This week marks the launch of my latest book, The Self-Reliant Entrepreneur. Each day this week, I’ll be sharing an excerpt from the book, along with some additional commentary and a challenge question for entrepreneurs to ponder, as it relates to the reading.
“Congruence. No person for any considerable period can wear one face to himself and another to the multitude without finally getting bewildered as to which may be the true.”
Nathaniel Hawthorne, The Scarlet Letter, 1850
Quite often the very thing that leads many to strike out on their own is an attempt to bring their business and personal lives in alignment. The corporate culture they had entered and adopted no longer feels congruent with their personal goals.

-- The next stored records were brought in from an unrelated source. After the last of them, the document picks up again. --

lemma admissible_obtains_exponents:
  assumes "admissible jj S T"
  obtains a b c d e f :: int where
    "kval jj S T 1 2 = of_int a" "kval jj S T 1 3 = of_int b" "kval jj S T 1 4 = of_int c"
    "kval jj S T 2 3 = of_int d" "kval jj S T 2 4 = of_int e" "kval jj S T 3 4 = of_int f"
proof -
  have "kval jj S T x y \<in> \<int>" if "(x, y) \<in> pairs" for x y
    using assms that unfolding admissible_def by auto
  then show ?thesis
    using that unfolding pairs_eq by (metis Ints_cases insertCI)
qed

lemma twoJdot_12_state:
  assumes "admissible jj S T"
  shows "twoJdot 1 2 (state jj S T) z =
      complex_of_real (S * (S + 1) - jj 1 * (jj 1 + 1) - jj 2 * (jj 2 + 1)) * state jj S T z
    + (complex_of_real ((kval jj S T 1 4 + 1) * (kval jj S T 2 3 + 1)) * state jj S (T + 1) z
       - complex_of_real (kval jj S T 1 4 * kval jj S T 2 3) * state jj S T z)
    + (complex_of_real ((kval jj S T 1 3 + 1) * (kval jj S T 2 4 + 1)) * state jj S (T - 1) z
       - complex_of_real (kval jj S T 1 3 * kval jj S T 2 4) * state jj S T z)"
proof -
  obtain a b c d e f where k:
    "kval jj S T 1 2 = of_int a" "kval jj S T 1 3 = of_int b" "kval jj S T 1 4 = of_int c"
    "kval jj S T 2 3 = of_int d" "kval jj S T 2 4 = of_int e" "kval jj S T 3 4 = of_int f"
    using admissible_obtains_exponents[OF assms] .
  have states: "state jj S T = bra_monomial a b c d e f"
    "state jj S (T + 1) = bra_monomial a (b - 1) (c + 1) (d + 1) (e - 1) f"
    "state jj S (T - 1) = bra_monomial a (b + 1) (c - 1) (d - 1) (e + 1) f"
    using state_shift_eq_bra_monomial[OF k, of 0 0] state_shift_eq_bra_monomial[OF k, of 0 1]
      state_shift_eq_bra_monomial[OF k, of 0 "-1"]
    by simp_all
  have casimir: "S * (S + 1) - jj 1 * (jj 1 + 1) - jj 2 * (jj 2 + 1)
      = of_int ((d + 1) * b + (e + 1) * c - (a + b + c)) - of_int ((a + d + e) * (a + b + c)) / 2
        + of_int c * of_int d + of_int b * of_int e"
    unfolding of_int_add of_int_mult of_int_diff of_int_1 k[unfolded kval_eqs, symmetric]
    by (simp add: Jtot_def field_simps)
  show ?thesis
    unfolding states twoJdot_12_bra_monomial casimir k by (simp add: algebra_simps)
qed

lemma twoJdot_13_state:
  assumes "admissible jj S T"
  shows "twoJdot 1 3 (state jj S T) z =
      complex_of_real (T * (T + 1) - jj 1 * (jj 1 + 1) - jj 3 * (jj 3 + 1)) * state jj S T z
    - (complex_of_real ((kval jj S T 1 4 + 1) * (kval jj S T 2 3 + 1)) * state jj (S + 1) T z
       + complex_of_real (kval jj S T 1 4 * kval jj S T 2 3) * state jj S T z)
    - (complex_of_real ((kval jj S T 1 2 + 1) * (kval jj S T 3 4 + 1)) * state jj (S - 1) T z
       + complex_of_real (kval jj S T 1 2 * kval jj S T 3 4) * state jj S T z)"
proof -
  obtain a b c d e f where k:
    "kval jj S T 1 2 = of_int a" "kval jj S T 1 3 = of_int b" "kval jj S T 1 4 = of_int c"
    "kval jj S T 2 3 = of_int d" "kval jj S T 2 4 = of_int e" "kval jj S T 3 4 = of_int f"
    using admissible_obtains_exponents[OF assms] .
  have states: "state jj S T = bra_monomial a b c d e f"
    "state jj (S + 1) T = bra_monomial (a - 1) b (c + 1) (d + 1) e (f - 1)"
    "state jj (S - 1) T = bra_monomial (a + 1) b (c - 1) (d - 1) e (f + 1)"
    using state_shift_eq_bra_monomial[OF k, of 0 0] state_shift_eq_bra_monomial[OF k, of 1 0]
      state_shift_eq_bra_monomial[OF k, of "-1" 0]
    by simp_all
  have casimir: "T * (T + 1) - jj 1 * (jj 1 + 1) - jj 3 * (jj 3 + 1)
      = of_int ((d + 1) * a + (f + 1) * c - (a + b + c)) - of_int ((b + d + f) * (a + b + c)) / 2
        + of_int c * of_int d + of_int a * of_int f"
    unfolding of_int_add of_int_mult of_int_diff of_int_1 k[unfolded kval_eqs, symmetric]
    by (simp add: Jtot_def field_simps)
  show ?thesis
    unfolding states twoJdot_13_bra_monomial casimir k by (simp add: algebra_simps)
qed

lemma finite_combination_of_three:
  fixes h :: "real \<Rightarrow> cfun"
  assumes "x \<noteq> y" "x \<noteq> w" "y \<noteq> w"
  shows "\<exists>A c. finite A \<and> (\<lambda>z. \<alpha> * h x z + \<beta> * h y z + \<gamma> * h w z) = (\<lambda>z. \<Sum>v\<in>A. c v * h v z)"
proof (intro exI conjI)
  show "finite {x, y, w}" by simp
  show "(\<lambda>z. \<alpha> * h x z + \<beta> * h y z + \<gamma> * h w z)
      = (\<lambda>z. \<Sum>v\<in>{x, y, w}. ((\<lambda>_. 0)(x := \<alpha>, y := \<beta>, w := \<gamma>)) v * h v z)"
    using assms by (simp add: fun_eq_iff)
qed

lemma twoJdot_12_state_combination:
  assumes "admissible jj S T"
  shows "\<exists>A c. finite A \<and> twoJdot 1 2 (state jj S T) = (\<lambda>z. \<Sum>T'\<in>A. c T' * state jj S T' z)"
proof -
  have combination: "twoJdot 1 2 (state jj S T) = (\<lambda>z.
      (complex_of_real (S * (S + 1) - jj 1 * (jj 1 + 1) - jj 2 * (jj 2 + 1))
       - complex_of_real (kval jj S T 1 4 * kval jj S T 2 3)
       - complex_of_real (kval jj S T 1 3 * kval jj S T 2 4)) * state jj S T z
      + complex_of_real ((kval jj S T 1 4 + 1) * (kval jj S T 2 3 + 1)) * state jj S (T + 1) z
      + complex_of_real ((kval jj S T 1 3 + 1) * (kval jj S T 2 4 + 1)) * state jj S (T - 1) z)"
    using twoJdot_12_state[OF assms] by (simp add: fun_eq_iff algebra_simps)
  show ?thesis
    unfolding combination
    by (rule finite_combination_of_three[where x = T and y = "T + 1" and w = "T - 1" and h = "state jj S"])
      simp_all
qed

lemma twoJdot_13_state_combination:
  assumes "admissible jj S T"
  shows "\<exists>A c. finite A \<and> twoJdot 1 3 (state jj S T) = (\<lambda>z. \<Sum>S'\<in>A. c S' * state jj S' T z)"
proof -
  have combination: "twoJdot 1 3 (state jj S T) = (\<lambda>z.
      (complex_of_real (T * (T + 1) - jj 1 * (jj 1 + 1) - jj 3 * (jj 3 + 1))
       - complex_of_real (kval jj S T 1 4 * kval jj S T 2 3)
       - complex_of_real (kval jj S T 1 2 * kval jj S T 3 4)) * state jj S T z
      + - complex_of_real ((kval jj S T 1 4 + 1) * (kval jj S T 2 3 + 1)) * state jj (S + 1) T z
      + - complex_of_real ((kval jj S T 1 2 + 1) * (kval jj S T 3 4 + 1)) * state jj (S - 1) T z)"
    using twoJdot_13_state[OF assms] by (simp add: fun_eq_iff algebra_simps)
  show ?thesis
    unfolding combination
    by (rule finite_combination_of_three[where x = S and y = "S + 1" and w = "S - 1" and h = "\<lambda>S'. state jj S' T"])
      simp_all
qed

Congruence by definition implies sameness, agreement, harmony or compatibility, all concepts made wholly real by following an entrepreneurial vision. So it’s terribly ironic then that when the amazing fresh opportunity afforded the entrepreneur is coupled with the day-to-day pressure to build a business, people are easily pushed farther and faster out of congruence than when they started. Remember playing crack the whip at the ice skating rink as a kid? It kind of feels like that. This looks like working more hours than is healthy or necessary, promoting products and services you don’t use or believe in, asking others to do things you are unwilling to do, or worse, wearing one face to yourself and another to your team, your employees, and your loved ones. In geometry, when starting two triangles are congruent, you might use a complex formula, but in your entrepreneurial quest, it’s even more complex.
The challenge question: How is your life a reflection of the gift you need to bring to others and how is it not?